**Try it**
Take every line in the entries that includes the word "Rightarrow" and copy it.

=== Dataset records ===

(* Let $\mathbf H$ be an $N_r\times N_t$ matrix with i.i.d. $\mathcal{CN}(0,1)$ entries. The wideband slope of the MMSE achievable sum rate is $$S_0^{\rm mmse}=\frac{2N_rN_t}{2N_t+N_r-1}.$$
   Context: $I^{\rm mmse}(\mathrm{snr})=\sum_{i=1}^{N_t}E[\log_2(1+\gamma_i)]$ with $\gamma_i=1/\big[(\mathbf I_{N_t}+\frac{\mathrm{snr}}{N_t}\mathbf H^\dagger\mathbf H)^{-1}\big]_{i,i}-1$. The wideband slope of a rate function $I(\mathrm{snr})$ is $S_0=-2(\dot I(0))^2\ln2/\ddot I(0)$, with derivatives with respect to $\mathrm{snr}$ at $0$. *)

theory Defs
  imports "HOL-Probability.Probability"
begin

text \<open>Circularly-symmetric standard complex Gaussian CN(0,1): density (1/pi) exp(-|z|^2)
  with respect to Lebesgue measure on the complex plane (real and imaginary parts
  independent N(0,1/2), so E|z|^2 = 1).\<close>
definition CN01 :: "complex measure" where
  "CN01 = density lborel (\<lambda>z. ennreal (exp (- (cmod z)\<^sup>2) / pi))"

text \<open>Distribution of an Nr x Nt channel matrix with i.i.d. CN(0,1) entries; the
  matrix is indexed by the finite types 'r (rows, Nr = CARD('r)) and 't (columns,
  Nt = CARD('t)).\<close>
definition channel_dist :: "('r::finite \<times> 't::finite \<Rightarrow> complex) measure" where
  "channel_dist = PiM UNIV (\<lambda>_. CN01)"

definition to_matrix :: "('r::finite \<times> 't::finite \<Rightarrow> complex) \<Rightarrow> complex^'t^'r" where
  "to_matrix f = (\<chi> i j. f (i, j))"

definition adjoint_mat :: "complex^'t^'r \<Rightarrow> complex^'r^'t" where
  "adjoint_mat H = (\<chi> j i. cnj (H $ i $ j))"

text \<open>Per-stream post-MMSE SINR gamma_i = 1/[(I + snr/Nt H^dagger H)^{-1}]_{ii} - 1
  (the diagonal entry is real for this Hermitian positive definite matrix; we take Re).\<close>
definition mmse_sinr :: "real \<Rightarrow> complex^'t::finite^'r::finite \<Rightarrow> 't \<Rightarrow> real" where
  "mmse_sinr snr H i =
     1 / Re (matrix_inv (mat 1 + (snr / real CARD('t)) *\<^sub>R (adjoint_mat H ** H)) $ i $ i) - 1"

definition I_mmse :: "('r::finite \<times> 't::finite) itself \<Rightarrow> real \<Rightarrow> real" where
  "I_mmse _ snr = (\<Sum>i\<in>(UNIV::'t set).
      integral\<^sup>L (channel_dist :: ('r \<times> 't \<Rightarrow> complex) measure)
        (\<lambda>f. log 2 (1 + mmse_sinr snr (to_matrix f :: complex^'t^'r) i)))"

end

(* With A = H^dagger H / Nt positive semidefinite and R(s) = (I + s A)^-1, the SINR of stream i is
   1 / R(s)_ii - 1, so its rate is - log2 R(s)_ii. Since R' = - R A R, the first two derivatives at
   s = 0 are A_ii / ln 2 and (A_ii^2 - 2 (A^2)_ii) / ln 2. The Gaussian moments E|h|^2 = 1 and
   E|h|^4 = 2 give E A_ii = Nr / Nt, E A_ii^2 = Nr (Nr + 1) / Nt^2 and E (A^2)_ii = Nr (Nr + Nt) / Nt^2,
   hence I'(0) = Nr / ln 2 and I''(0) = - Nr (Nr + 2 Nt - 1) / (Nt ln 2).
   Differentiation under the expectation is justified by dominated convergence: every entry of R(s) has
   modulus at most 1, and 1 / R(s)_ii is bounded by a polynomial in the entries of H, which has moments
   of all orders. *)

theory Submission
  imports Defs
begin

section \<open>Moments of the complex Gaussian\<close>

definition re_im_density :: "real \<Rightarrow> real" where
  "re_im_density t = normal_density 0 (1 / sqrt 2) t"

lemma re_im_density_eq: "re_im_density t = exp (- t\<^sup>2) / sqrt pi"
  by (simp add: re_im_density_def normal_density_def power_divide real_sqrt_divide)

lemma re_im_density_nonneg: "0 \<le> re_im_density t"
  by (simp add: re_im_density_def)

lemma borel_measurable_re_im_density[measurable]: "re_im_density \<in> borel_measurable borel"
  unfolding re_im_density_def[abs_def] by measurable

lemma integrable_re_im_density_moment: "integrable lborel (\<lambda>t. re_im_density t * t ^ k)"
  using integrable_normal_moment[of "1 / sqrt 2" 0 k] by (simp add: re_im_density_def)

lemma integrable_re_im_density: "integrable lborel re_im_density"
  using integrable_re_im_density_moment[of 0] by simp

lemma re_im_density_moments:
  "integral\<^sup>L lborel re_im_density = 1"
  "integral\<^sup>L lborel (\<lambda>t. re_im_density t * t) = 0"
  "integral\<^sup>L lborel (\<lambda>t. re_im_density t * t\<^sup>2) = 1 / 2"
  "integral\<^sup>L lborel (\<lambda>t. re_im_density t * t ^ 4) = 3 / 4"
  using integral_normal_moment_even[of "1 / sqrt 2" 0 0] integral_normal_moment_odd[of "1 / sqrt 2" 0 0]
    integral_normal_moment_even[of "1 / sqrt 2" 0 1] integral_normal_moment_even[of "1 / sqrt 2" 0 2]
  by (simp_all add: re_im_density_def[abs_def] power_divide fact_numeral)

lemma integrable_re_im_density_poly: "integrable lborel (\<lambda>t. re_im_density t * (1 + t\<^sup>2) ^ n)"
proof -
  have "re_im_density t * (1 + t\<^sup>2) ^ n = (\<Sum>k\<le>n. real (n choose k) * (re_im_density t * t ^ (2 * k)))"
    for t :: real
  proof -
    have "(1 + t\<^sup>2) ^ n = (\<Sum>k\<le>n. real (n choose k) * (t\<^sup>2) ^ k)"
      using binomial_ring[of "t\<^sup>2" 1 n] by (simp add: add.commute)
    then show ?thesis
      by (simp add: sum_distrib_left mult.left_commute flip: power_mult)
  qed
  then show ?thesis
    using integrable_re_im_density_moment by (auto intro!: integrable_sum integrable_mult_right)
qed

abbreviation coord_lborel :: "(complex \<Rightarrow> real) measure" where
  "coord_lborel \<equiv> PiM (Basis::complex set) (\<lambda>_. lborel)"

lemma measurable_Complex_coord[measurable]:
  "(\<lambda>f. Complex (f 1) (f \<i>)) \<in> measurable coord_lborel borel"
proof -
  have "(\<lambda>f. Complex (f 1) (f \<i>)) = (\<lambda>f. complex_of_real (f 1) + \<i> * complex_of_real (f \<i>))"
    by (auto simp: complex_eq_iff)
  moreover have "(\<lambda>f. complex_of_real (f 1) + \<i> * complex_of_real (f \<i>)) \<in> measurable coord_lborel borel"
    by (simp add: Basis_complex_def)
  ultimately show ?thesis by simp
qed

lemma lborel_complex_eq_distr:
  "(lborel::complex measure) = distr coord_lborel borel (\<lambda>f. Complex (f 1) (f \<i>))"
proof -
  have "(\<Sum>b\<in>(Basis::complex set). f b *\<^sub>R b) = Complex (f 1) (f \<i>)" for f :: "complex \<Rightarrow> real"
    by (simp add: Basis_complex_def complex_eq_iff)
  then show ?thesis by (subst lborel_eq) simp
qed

===

**Output for this exercise**
definition channel_dist :: "('r::finite \<times> 't::finite \<Rightarrow> complex) measure" where
definition to_matrix :: "('r::finite \<times> 't::finite \<Rightarrow> complex) \<Rightarrow> complex^'t^'r" where
definition adjoint_mat :: "complex^'t^'r \<Rightarrow> complex^'r^'t" where
definition mmse_sinr :: "real \<Rightarrow> complex^'t::finite^'r::finite \<Rightarrow> 't \<Rightarrow> real" where
definition I_mmse :: "('r::finite \<times> 't::finite) itself \<Rightarrow> real \<Rightarrow> real" where
      integral\<^sup>L (channel_dist :: ('r \<times> 't \<Rightarrow> complex) measure)
definition re_im_density :: "real \<Rightarrow> real" where
abbreviation coord_lborel :: "(complex \<Rightarrow> real) measure" where
  have "(\<Sum>b\<in>(Basis::complex set). f b *\<^sub>R b) = Complex (f 1) (f \<i>)" for f :: "complex \<Rightarrow> real"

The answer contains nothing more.